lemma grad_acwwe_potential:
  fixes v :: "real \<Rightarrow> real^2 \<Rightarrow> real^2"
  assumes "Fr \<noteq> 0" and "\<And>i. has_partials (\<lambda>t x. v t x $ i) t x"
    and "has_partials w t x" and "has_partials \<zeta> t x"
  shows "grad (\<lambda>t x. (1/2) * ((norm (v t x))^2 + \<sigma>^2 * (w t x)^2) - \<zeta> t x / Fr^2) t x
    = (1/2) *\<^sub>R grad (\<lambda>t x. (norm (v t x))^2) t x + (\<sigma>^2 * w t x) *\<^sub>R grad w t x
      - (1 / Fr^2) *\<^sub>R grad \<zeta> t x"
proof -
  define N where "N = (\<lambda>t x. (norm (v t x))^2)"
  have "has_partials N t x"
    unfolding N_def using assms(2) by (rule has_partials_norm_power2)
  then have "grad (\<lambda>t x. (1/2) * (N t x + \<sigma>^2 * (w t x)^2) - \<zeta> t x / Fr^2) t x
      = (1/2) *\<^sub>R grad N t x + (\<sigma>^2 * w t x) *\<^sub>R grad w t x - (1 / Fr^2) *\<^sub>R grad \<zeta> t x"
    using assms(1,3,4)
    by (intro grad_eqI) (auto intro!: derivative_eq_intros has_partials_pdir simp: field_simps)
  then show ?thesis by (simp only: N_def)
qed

:::

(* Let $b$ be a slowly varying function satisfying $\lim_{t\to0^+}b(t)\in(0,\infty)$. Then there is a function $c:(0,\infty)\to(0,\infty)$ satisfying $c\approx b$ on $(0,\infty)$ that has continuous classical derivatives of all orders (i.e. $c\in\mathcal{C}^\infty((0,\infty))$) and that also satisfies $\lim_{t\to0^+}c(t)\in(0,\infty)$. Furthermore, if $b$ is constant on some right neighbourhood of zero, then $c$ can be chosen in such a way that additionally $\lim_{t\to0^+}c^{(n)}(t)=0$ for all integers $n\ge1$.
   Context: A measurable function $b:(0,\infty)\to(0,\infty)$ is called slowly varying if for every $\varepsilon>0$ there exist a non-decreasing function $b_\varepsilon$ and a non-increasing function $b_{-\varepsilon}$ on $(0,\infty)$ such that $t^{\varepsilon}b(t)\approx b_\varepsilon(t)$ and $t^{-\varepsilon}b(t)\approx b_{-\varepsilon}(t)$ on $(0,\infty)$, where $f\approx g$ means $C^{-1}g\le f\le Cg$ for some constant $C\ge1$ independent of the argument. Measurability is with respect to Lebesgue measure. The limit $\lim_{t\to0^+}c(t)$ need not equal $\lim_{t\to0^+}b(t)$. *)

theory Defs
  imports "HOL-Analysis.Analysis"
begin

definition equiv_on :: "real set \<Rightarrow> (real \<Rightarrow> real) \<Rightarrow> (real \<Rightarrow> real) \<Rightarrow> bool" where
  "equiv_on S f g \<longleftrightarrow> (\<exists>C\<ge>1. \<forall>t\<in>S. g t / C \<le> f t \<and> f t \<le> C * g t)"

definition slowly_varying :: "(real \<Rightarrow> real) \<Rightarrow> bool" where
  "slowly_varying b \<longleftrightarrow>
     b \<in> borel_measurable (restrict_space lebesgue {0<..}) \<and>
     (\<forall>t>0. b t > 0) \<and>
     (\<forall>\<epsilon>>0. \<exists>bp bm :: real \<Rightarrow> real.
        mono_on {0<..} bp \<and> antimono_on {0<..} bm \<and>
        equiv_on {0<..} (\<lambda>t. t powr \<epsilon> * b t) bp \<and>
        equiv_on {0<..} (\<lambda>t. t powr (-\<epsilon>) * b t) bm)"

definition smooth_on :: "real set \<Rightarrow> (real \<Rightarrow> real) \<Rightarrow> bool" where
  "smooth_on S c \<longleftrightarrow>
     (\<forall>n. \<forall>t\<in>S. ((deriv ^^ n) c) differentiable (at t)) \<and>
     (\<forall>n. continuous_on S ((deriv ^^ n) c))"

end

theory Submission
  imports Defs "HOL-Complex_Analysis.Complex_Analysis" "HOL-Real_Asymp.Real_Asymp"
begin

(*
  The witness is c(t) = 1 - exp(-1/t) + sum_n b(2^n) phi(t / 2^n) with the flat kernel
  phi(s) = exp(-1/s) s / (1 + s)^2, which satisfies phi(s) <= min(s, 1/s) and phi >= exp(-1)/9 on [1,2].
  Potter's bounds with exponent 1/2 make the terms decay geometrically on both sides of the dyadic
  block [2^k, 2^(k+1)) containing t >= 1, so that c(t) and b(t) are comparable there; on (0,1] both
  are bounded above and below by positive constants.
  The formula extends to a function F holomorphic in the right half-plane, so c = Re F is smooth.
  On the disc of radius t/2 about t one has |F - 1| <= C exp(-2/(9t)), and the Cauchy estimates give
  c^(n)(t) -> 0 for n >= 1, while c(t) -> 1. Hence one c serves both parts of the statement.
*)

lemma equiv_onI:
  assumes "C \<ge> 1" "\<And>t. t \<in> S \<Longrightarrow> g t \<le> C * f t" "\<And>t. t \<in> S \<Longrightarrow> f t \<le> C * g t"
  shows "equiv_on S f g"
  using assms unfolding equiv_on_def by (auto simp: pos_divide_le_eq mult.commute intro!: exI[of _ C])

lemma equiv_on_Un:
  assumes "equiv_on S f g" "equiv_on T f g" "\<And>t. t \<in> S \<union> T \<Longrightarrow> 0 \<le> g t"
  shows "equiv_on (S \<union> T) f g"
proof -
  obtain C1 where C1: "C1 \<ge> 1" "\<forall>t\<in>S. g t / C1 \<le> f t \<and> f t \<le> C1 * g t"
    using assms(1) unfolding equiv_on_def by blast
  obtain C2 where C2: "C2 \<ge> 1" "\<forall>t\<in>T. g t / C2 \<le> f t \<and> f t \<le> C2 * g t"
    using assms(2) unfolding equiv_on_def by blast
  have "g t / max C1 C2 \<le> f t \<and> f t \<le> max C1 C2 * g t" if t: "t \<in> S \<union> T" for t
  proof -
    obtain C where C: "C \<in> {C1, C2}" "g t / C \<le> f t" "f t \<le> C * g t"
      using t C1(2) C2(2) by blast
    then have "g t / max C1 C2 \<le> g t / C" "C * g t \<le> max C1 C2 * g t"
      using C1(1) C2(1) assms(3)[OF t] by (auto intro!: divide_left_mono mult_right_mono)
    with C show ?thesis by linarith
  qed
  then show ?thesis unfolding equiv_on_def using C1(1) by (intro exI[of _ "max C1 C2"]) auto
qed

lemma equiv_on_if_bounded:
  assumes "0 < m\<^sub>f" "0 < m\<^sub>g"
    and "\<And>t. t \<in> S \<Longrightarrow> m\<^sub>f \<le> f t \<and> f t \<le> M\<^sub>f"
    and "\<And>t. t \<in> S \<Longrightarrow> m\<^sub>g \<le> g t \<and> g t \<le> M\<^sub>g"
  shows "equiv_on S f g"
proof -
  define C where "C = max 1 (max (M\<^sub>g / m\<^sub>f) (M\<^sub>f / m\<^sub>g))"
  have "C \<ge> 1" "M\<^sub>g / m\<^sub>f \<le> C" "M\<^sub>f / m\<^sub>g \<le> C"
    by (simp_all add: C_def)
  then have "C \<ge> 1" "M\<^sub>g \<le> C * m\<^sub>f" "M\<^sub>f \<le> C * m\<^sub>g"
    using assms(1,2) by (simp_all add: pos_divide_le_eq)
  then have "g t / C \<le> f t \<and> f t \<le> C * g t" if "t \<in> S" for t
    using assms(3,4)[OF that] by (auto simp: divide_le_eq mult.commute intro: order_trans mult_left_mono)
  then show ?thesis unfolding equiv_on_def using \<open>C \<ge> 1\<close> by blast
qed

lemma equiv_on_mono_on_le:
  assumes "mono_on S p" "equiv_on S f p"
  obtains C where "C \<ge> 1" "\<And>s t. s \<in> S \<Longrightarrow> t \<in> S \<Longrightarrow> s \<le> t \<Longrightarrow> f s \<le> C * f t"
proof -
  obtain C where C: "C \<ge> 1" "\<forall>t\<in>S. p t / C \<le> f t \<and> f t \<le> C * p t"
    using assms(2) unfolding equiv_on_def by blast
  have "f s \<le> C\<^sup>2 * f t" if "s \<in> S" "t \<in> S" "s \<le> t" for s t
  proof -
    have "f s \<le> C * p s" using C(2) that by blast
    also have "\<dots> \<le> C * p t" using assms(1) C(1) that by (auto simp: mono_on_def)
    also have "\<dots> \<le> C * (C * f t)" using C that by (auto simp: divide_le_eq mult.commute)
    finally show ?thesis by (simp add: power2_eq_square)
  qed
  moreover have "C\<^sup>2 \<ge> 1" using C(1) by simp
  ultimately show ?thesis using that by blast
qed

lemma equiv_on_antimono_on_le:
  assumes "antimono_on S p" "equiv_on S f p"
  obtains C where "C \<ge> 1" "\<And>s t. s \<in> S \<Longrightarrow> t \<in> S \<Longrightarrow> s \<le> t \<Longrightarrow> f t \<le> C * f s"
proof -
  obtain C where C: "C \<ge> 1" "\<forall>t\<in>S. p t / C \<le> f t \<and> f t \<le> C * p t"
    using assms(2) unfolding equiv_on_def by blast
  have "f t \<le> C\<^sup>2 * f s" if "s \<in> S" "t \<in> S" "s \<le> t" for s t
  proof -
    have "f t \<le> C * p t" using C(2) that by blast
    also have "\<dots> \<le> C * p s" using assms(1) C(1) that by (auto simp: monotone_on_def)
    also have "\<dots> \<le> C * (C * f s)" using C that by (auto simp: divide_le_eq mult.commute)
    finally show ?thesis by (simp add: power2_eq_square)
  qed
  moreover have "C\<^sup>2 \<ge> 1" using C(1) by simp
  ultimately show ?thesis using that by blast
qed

:::

--- DIRECTIONS ---
Copy each line of the listing that contains the string "lemma".

--- OUTPUT BELOW ---
lemma grad_acwwe_potential:
lemma equiv_onI:
lemma equiv_on_Un:
lemma equiv_on_if_bounded:
lemma equiv_on_mono_on_le:
lemma equiv_on_antimono_on_le:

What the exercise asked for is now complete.